Description of the task:
Report the number of lines in the entries below that include the word "real", and nothing else.

Supplied records:
definition simple_path :: "'a set \<Rightarrow> 'a set set \<Rightarrow> 'a list \<Rightarrow> 'a \<Rightarrow> 'a \<Rightarrow> bool" where
  "simple_path V E p u v \<longleftrightarrow> p \<noteq> [] \<and> hd p = u \<and> last p = v \<and> distinct p \<and> set p \<subseteq> V \<and>
     (\<forall>i. Suc i < length p \<longrightarrow> {p ! i, p ! Suc i} \<in> E)"

definition is_tree :: "'a set \<Rightarrow> 'a set set \<Rightarrow> bool" where
  "is_tree V E \<longleftrightarrow> graph_on V E \<and> V \<noteq> {} \<and>
     (\<forall>u\<in>V. \<forall>v\<in>V. \<exists>!p. simple_path V E p u v)"

definition geodesic :: "'a set \<Rightarrow> 'a set set \<Rightarrow> 'a \<Rightarrow> 'a \<Rightarrow> 'a list" where
  "geodesic V E u v = (THE p. simple_path V E p u v)"

definition deg :: "'a set set \<Rightarrow> 'a \<Rightarrow> nat" where
  "deg E v = card {e \<in> E. v \<in> e}"

definition boundary :: "'a set \<Rightarrow> 'a set set \<Rightarrow> 'a set" where
  "boundary V E = {v \<in> V. deg E v = 1}"

definition interior :: "'a set \<Rightarrow> 'a set set \<Rightarrow> 'a set" where
  "interior V E = {v \<in> V. deg E v \<ge> 2}"

definition tree_with_boundary :: "'a set \<Rightarrow> 'a set set \<Rightarrow> bool" where
  "tree_with_boundary V E \<longleftrightarrow> is_tree V E \<and> V = boundary V E \<union> interior V E \<and>
     boundary V E \<noteq> {} \<and> interior V E \<noteq> {}"

definition degree_sequence :: "'a set \<Rightarrow> 'a set set \<Rightarrow> nat multiset" where
  "degree_sequence V E = image_mset (deg E) (mset_set V)"

definition edge_sq :: "('a \<Rightarrow> real) \<Rightarrow> 'a set \<Rightarrow> real" where
  "edge_sq f e = (THE d. \<exists>u v. e = {u, v} \<and> d = (f u - f v)^2)"

definition rayleigh :: "'a set \<Rightarrow> 'a set set \<Rightarrow> ('a \<Rightarrow> real) \<Rightarrow> real" where
  "rayleigh V E f = (\<Sum>e\<in>E. edge_sq f e) / (\<Sum>v\<in>V. (f v)^2)"

end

Exercise solution:
2